Now Rahon shares a larger worry of the generals, that the United States risks taking its eye off the broader war on terror in its involvement in Iraq.To some extent, Rahon said, that's all looking backward instead of focusing on what's important now - how to deal with the problems in Iraq and bring the troops home.
"I'm really one for trying to fix it as much as we can and then get out," said Rahon, 21. "I just hope we can get the war done efficiently, do a good job - and not create any more terrorists."
The cadets graduating May 27 are the first pure post-9/11 class at West Point. All started in the summer of 2002 after the attacks had already happened, and many said that only encouraged them to come.
Four years later, they are no less eager to serve but also are clear-eyed and unsentimental about duty in Iraq, sobered by the fact that as 2nd lieutenants they could soon be leading 30 to 40 soldiers into battle.
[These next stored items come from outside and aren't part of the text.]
lemma frechet_normal_imp_proximal:
  fixes C :: "'a::euclidean_space set"
  assumes "closed C" and unique: "\<And>y. y \<in> cball x (2 * R) \<Longrightarrow> \<exists>!q. q \<in> proj C y"
    and "x \<in> C" "R > 0" "\<zeta> \<in> frechet_normal_cone C x" "norm \<zeta> = 1"
  shows "x \<in> proj C (x + R *\<^sub>R \<zeta>)"
proof -
  \<comment> \<open>For small t the nearest point p to x + t\<zeta> is O(e t)-close to x and the residual direction
    is 4e-close to \<zeta>; since p stays nearest along the residual ray up to length R,
    every c \<in> C is at distance at least R - 5Re from x + R\<zeta>.\<close>
  have "R \<le> norm (x + R *\<^sub>R \<zeta> - c)" if "c \<in> C" for c
  proof (rule real_le_if_le_add_small[of "1/4" "5 * R"])
    fix e :: real assume "0 < e" "e < 1/4"
    obtain \<delta> where "\<delta> > 0"
      and normal: "\<And>c. c \<in> C \<Longrightarrow> norm (c - x) < \<delta> \<Longrightarrow> inner \<zeta> (c - x) \<le> e * norm (c - x)"
      using frechet_normal_coneD[OF \<open>\<zeta> \<in> frechet_normal_cone C x\<close> \<open>0 < e\<close>] by blast
    define t where "t = min (R / 2) (\<delta> / 3)"
    have "t > 0" "t \<le> R / 2" "3 * t \<le> \<delta>" using \<open>R > 0\<close> \<open>\<delta> > 0\<close> by (auto simp: t_def)
    obtain p where p: "p \<in> proj C (x + t *\<^sub>R \<zeta>)" using proj_nonempty[OF \<open>closed C\<close>] \<open>x \<in> C\<close> by blast
    have "norm (p - x) \<le> 2 * t * e"
      using \<open>t > 0\<close> \<open>3 * t \<le> \<delta>\<close> \<open>0 < e\<close>
      by (intro proj_near_frechet_normal_ray[OF \<open>x \<in> C\<close> \<open>norm \<zeta> = 1\<close> _ _ p] normal) auto
    define w where "w = x + t *\<^sub>R \<zeta> - p"
    have "norm (w - t *\<^sub>R \<zeta>) = norm (p - x)" by (simp add: w_def norm_minus_commute)
    moreover have "t - norm (w - t *\<^sub>R \<zeta>) \<le> norm w"
      using norm_triangle_ineq2[of "t *\<^sub>R \<zeta>" "t *\<^sub>R \<zeta> - w"] \<open>norm \<zeta> = 1\<close> \<open>t > 0\<close>
      by (simp add: norm_minus_commute)
    moreover have "2 * t * e < t" using \<open>t > 0\<close> \<open>e < 1/4\<close> by simp
    ultimately have "w \<noteq> 0" using \<open>norm (p - x) \<le> 2 * t * e\<close> by auto
    moreover have "norm (p - x) \<le> R"
      using \<open>norm (p - x) \<le> 2 * t * e\<close> \<open>2 * t * e < t\<close> \<open>t \<le> R / 2\<close> \<open>R > 0\<close> by linarith
    ultimately have "p \<in> proj C (p + R *\<^sub>R sgn w)"
      using proj_extend_to_radius[where x=x and R=R, OF \<open>closed C\<close> unique \<open>R > 0\<close> p] by (simp add: w_def)
    have "2 * norm (p - x) / t \<le> 4 * e"
      using \<open>norm (p - x) \<le> 2 * t * e\<close> \<open>t > 0\<close> by (simp add: divide_le_eq mult_ac)
    then have "norm (sgn w - \<zeta>) \<le> 4 * e"
      using norm_sgn_diff_le[OF \<open>w \<noteq> 0\<close> \<open>t > 0\<close> \<open>norm \<zeta> = 1\<close>] \<open>norm (w - t *\<^sub>R \<zeta>) = norm (p - x)\<close>
      by simp
    have "R \<le> norm (p + R *\<^sub>R sgn w - c)"
      using \<open>p \<in> proj C (p + R *\<^sub>R sgn w)\<close> \<open>c \<in> C\<close> \<open>w \<noteq> 0\<close> \<open>R > 0\<close> by (auto simp: proj_def norm_sgn)
    also have "p + R *\<^sub>R sgn w - c = (x + R *\<^sub>R \<zeta> - c) + (p - x) + R *\<^sub>R (sgn w - \<zeta>)"
      by (simp add: algebra_simps)
    also have "norm \<dots> \<le> norm (x + R *\<^sub>R \<zeta> - c) + norm (p - x) + R * norm (sgn w - \<zeta>)"
      using norm_triangle_ineq[of "(x + R *\<^sub>R \<zeta> - c) + (p - x)" "R *\<^sub>R (sgn w - \<zeta>)"]
        norm_triangle_ineq[of "x + R *\<^sub>R \<zeta> - c" "p - x"] \<open>R > 0\<close> by simp
    also have "\<dots> \<le> norm (x + R *\<^sub>R \<zeta> - c) + R * e + R * (4 * e)"
      using \<open>norm (p - x) \<le> 2 * t * e\<close> mult_right_mono[of "2 * t" R e] \<open>t \<le> R / 2\<close> \<open>0 < e\<close>
        mult_left_mono[OF \<open>norm (sgn w - \<zeta>) \<le> 4 * e\<close>, of R] \<open>R > 0\<close> by linarith
    finally show "R \<le> norm (x + R *\<^sub>R \<zeta> - c) + 5 * R * e" by simp
  qed (use \<open>R > 0\<close> in auto)
  then show ?thesis using \<open>x \<in> C\<close> \<open>norm \<zeta> = 1\<close> \<open>R > 0\<close> by (auto simp: proj_def)
qed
"That's what we eat, breathe, sleep - you know you're going into the fight, so you prepare your mind for that," said Cadet Matt Pratt, 22, of Lawton, Okla., who expects to be a 1st Infantry Division armor officer.
West Point's fortress-like campus drips with 200 years of military tradition but these are 21st-century soldiers, just as likely to get the scoop on Iraq by instant-messaging buddies at the front as from any presidential speech.
Cadets talk about Iraq in class, meet generals and lieutenants who've been there, study roadside bombs and Vietnam. Professors say they encourage the students to reach their own conclusions, to better arm them for the day when that scared and homesick 18-year-old private asks them, "Why are we here?"